= DATA SUPPLIED =

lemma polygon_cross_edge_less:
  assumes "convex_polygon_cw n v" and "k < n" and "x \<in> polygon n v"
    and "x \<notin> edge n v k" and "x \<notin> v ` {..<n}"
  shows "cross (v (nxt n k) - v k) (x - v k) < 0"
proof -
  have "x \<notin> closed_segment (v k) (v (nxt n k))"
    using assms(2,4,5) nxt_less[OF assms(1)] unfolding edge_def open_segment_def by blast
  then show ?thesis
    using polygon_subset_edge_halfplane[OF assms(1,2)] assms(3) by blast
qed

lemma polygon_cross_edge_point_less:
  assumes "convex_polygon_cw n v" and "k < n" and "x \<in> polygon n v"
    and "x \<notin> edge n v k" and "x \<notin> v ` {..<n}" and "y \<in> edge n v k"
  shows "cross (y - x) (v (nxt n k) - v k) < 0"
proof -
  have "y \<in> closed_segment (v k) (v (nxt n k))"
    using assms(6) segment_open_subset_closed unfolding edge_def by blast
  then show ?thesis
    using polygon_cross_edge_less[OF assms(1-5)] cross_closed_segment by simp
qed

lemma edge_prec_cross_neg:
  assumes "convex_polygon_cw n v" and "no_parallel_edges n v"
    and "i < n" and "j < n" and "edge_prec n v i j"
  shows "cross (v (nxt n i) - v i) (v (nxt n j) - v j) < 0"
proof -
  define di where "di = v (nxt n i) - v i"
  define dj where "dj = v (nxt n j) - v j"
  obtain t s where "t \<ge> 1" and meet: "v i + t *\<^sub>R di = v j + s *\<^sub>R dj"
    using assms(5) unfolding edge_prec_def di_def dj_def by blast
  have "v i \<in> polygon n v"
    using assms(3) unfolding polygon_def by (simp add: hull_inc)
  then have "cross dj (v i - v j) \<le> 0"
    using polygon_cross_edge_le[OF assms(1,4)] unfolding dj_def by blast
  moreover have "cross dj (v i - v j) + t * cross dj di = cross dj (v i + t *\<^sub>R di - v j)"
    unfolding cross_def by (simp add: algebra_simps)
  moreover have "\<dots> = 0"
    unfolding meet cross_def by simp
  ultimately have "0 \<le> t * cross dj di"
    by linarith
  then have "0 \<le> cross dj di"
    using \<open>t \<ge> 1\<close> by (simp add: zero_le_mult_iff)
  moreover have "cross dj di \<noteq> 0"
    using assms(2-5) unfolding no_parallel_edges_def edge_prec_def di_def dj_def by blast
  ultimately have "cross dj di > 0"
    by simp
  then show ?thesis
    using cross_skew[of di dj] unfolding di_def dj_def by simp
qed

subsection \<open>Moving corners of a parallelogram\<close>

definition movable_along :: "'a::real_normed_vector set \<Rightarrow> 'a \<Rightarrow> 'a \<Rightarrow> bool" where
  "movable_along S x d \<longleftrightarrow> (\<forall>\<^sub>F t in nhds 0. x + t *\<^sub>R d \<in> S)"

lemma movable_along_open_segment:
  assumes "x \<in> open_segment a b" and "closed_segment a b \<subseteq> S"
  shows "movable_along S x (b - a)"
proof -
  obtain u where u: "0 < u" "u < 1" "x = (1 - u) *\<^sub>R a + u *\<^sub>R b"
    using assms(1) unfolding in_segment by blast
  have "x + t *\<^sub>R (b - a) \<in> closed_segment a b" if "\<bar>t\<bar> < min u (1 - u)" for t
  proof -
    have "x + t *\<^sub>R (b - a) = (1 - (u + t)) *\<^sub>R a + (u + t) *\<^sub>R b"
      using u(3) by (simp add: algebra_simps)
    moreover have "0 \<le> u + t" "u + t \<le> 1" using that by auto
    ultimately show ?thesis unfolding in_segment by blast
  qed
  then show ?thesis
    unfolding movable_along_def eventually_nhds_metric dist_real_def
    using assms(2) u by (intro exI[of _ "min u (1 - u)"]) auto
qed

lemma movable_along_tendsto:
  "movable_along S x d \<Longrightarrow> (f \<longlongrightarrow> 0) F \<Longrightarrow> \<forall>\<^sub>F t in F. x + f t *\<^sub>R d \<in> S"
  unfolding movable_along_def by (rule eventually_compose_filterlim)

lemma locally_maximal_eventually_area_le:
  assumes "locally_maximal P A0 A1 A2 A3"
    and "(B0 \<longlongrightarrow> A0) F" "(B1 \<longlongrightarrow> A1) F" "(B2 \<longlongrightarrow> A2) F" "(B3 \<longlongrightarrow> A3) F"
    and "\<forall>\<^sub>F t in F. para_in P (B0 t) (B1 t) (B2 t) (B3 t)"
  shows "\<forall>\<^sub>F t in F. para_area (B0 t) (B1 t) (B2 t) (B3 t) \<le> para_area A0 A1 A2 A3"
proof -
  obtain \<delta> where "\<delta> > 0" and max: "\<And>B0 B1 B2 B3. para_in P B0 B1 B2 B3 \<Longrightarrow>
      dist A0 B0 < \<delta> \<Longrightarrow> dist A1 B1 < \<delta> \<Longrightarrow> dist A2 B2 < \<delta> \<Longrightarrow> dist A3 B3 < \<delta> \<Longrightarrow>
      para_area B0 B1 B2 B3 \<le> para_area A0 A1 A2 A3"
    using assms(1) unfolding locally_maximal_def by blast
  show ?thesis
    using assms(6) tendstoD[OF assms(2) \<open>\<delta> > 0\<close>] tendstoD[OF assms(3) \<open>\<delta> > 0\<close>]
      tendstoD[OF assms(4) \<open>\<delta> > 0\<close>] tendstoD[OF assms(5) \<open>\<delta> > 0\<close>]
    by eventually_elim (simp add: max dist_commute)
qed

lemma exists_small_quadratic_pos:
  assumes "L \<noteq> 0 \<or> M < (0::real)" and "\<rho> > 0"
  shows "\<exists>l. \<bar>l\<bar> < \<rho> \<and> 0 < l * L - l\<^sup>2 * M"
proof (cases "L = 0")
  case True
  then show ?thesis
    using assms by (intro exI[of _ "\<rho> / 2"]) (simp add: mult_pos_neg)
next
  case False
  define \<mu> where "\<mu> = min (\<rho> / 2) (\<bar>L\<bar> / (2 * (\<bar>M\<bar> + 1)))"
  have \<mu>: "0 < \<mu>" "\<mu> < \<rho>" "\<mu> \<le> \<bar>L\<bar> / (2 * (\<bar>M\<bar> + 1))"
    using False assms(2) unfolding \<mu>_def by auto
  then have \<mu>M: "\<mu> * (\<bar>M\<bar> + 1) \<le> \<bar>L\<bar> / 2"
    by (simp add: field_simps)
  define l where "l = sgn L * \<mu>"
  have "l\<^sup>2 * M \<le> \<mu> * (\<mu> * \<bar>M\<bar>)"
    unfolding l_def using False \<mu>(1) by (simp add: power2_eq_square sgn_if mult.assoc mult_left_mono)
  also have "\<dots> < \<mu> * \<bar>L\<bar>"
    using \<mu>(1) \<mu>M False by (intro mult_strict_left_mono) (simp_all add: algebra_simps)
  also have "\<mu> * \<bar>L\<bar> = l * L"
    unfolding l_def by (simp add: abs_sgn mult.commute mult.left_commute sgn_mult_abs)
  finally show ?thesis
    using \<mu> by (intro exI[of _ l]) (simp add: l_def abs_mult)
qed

...

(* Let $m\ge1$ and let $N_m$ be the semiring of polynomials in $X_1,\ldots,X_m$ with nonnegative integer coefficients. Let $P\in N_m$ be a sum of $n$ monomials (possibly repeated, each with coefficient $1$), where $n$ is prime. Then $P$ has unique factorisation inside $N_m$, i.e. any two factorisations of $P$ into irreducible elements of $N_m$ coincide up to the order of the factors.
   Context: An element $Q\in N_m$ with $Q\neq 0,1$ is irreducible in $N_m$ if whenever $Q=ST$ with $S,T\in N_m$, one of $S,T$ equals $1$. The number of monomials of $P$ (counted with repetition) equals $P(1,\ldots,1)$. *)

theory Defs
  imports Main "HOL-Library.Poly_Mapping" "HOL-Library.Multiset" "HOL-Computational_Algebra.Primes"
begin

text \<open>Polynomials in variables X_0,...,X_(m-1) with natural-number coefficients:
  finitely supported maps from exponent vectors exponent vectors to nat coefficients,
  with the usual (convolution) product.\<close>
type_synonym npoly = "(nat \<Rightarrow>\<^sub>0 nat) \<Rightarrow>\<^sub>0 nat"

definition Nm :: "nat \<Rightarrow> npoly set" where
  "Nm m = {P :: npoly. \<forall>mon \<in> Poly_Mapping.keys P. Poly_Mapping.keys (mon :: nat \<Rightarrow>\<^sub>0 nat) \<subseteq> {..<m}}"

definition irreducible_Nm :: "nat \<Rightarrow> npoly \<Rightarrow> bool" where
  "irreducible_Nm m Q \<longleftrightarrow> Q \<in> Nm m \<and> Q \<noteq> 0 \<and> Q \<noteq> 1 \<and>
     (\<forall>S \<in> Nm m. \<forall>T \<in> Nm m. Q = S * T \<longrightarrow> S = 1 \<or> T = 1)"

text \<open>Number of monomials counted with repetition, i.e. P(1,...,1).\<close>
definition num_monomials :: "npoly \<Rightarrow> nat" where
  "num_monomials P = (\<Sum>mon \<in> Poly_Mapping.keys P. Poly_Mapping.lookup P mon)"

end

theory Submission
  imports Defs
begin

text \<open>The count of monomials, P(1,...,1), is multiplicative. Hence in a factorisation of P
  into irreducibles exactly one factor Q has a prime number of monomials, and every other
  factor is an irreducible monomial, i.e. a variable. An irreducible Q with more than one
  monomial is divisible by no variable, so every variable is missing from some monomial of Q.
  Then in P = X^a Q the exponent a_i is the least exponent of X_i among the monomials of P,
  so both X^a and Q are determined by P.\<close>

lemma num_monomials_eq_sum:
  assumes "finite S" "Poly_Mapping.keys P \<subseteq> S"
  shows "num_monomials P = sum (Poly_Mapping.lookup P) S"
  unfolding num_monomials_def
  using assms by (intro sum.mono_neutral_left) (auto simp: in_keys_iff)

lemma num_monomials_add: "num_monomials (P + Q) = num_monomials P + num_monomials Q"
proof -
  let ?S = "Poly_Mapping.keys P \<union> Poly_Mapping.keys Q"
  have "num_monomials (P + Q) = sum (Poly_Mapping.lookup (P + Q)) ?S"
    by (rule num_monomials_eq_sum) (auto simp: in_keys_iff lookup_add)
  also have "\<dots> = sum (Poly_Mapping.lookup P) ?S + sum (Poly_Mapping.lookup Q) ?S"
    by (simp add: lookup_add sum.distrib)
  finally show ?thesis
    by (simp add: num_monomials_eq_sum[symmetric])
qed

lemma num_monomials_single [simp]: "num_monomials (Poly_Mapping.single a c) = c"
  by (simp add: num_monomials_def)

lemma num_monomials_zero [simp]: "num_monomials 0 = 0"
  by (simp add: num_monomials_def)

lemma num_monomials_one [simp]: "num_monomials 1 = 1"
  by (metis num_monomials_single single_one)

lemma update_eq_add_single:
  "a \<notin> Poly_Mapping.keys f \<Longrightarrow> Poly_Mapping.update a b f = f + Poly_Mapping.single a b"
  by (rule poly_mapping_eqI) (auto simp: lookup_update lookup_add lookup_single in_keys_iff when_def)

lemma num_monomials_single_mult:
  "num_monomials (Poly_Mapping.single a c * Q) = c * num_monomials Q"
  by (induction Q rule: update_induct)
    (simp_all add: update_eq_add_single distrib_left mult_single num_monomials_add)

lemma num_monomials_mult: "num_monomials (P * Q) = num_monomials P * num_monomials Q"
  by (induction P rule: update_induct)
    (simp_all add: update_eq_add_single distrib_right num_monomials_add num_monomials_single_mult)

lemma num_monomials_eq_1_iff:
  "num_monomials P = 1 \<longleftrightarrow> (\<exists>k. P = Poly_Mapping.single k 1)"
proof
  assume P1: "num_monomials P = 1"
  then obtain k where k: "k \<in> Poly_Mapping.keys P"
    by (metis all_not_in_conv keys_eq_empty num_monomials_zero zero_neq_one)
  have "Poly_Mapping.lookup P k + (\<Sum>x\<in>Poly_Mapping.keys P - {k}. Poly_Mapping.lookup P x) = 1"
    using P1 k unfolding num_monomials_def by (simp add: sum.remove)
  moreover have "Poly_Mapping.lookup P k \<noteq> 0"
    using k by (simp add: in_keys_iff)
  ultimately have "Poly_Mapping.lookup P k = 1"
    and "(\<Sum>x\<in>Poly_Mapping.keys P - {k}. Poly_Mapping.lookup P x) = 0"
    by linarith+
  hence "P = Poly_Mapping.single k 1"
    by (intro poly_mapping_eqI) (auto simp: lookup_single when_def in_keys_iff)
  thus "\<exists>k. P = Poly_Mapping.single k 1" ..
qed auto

* * *

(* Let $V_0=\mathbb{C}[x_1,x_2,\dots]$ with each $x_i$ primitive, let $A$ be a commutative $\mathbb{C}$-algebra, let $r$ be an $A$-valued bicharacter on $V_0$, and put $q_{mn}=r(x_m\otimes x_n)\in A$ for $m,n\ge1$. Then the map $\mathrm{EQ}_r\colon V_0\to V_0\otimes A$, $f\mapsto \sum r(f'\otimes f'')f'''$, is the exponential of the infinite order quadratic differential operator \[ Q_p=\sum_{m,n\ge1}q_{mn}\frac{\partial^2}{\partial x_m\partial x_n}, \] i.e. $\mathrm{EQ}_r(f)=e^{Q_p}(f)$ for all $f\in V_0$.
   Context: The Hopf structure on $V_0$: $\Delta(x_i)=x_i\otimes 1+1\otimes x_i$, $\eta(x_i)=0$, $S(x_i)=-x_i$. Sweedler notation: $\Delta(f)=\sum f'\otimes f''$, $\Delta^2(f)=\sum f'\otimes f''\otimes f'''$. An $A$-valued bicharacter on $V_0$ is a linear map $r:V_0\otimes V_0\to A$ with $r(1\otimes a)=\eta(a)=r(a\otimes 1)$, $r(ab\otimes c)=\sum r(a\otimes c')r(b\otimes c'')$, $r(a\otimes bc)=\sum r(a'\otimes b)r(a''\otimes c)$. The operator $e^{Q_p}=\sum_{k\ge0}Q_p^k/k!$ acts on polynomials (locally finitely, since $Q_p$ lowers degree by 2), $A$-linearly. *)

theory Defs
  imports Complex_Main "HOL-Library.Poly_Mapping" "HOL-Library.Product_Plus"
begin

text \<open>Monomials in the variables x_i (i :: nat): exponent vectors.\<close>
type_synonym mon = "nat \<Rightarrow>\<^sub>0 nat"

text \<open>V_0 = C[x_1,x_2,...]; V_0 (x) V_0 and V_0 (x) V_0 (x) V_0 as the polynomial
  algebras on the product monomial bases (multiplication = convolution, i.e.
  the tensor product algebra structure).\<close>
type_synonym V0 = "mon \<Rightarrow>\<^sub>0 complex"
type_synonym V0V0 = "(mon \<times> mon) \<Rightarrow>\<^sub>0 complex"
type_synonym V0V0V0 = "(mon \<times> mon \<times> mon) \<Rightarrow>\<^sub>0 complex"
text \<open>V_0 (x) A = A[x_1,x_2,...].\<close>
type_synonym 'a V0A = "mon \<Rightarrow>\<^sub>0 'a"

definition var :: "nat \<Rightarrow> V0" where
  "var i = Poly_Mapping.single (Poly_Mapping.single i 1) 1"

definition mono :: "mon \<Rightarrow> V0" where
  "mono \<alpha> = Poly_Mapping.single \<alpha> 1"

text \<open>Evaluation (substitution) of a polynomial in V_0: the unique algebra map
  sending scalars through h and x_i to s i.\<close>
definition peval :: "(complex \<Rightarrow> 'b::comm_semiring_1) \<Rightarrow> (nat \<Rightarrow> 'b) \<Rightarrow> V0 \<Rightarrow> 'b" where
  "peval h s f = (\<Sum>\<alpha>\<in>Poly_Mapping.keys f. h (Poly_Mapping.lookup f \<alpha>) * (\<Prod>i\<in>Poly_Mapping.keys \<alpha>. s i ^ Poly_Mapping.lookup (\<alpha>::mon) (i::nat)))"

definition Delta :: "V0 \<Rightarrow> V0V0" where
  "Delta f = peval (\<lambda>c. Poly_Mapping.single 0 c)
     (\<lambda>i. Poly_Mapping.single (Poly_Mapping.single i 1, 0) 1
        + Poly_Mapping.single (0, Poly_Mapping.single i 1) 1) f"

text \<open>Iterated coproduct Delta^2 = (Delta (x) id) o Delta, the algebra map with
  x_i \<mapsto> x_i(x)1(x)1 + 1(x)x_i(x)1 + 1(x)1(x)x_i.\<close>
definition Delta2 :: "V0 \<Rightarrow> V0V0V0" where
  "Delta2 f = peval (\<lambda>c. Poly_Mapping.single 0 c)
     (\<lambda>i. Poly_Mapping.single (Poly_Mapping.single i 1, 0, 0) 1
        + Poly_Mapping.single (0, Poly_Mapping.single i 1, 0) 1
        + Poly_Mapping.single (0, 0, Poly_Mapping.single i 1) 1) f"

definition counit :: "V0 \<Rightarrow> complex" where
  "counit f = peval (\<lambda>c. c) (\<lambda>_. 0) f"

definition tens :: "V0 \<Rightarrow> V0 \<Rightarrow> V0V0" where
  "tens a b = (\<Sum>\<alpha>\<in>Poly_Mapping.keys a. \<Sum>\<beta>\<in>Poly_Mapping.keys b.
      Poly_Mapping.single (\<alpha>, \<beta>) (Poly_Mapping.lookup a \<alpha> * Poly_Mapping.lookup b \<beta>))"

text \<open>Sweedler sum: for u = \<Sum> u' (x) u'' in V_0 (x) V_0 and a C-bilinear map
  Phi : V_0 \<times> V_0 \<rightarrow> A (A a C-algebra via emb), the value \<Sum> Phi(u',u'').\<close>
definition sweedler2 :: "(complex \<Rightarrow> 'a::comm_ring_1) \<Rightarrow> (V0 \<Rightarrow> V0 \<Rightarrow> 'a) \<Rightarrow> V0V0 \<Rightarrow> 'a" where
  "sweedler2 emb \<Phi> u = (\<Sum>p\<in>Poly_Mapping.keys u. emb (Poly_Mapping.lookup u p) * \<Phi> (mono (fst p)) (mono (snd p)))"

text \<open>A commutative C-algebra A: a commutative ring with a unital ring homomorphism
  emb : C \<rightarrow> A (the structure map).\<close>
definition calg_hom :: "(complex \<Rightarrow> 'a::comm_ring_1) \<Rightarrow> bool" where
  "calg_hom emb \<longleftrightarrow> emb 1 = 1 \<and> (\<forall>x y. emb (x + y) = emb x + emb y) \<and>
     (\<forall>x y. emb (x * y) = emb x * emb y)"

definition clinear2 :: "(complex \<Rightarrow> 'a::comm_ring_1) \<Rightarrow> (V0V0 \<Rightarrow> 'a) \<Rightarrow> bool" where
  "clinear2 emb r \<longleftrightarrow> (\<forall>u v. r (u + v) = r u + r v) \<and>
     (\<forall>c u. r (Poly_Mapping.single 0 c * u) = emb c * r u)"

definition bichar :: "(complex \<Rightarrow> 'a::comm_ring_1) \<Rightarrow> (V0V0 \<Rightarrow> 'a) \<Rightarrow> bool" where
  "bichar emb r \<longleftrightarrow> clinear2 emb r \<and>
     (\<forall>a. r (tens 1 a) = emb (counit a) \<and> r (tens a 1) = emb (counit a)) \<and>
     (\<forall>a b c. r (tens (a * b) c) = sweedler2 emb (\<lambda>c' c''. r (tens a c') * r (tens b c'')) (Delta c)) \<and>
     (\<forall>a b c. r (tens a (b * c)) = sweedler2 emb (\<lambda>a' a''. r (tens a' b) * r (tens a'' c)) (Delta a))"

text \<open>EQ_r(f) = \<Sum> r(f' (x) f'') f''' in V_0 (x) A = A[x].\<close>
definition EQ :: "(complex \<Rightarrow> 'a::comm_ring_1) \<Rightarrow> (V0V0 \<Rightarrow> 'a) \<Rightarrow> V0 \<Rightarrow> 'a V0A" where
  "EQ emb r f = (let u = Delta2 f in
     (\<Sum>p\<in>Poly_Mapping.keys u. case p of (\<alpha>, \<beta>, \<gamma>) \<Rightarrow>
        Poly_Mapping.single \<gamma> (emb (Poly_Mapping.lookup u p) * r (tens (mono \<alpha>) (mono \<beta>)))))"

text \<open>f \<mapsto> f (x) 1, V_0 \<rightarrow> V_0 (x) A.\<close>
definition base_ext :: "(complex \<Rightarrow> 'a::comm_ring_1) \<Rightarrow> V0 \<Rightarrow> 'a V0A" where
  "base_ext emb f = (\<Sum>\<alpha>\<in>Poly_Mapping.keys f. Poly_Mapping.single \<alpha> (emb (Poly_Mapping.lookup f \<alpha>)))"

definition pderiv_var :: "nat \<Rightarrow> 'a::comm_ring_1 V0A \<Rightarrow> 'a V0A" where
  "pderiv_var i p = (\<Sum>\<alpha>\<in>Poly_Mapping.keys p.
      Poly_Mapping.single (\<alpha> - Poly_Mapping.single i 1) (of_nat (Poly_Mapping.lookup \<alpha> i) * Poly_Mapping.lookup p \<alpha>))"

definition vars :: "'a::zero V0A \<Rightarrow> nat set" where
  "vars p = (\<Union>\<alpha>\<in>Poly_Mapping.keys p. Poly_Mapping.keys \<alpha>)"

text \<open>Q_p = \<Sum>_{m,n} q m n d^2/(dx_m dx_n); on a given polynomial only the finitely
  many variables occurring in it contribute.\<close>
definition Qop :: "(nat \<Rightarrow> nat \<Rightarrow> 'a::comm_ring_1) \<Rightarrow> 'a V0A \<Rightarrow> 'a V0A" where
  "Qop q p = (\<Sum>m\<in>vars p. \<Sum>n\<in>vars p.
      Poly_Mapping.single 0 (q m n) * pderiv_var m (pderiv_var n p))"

= INSTRUCTIONS TO FOLLOW =
Among the entries, how many lines include the word "counit"? Give only the number.

= OUTPUT FOR THIS TASK =
3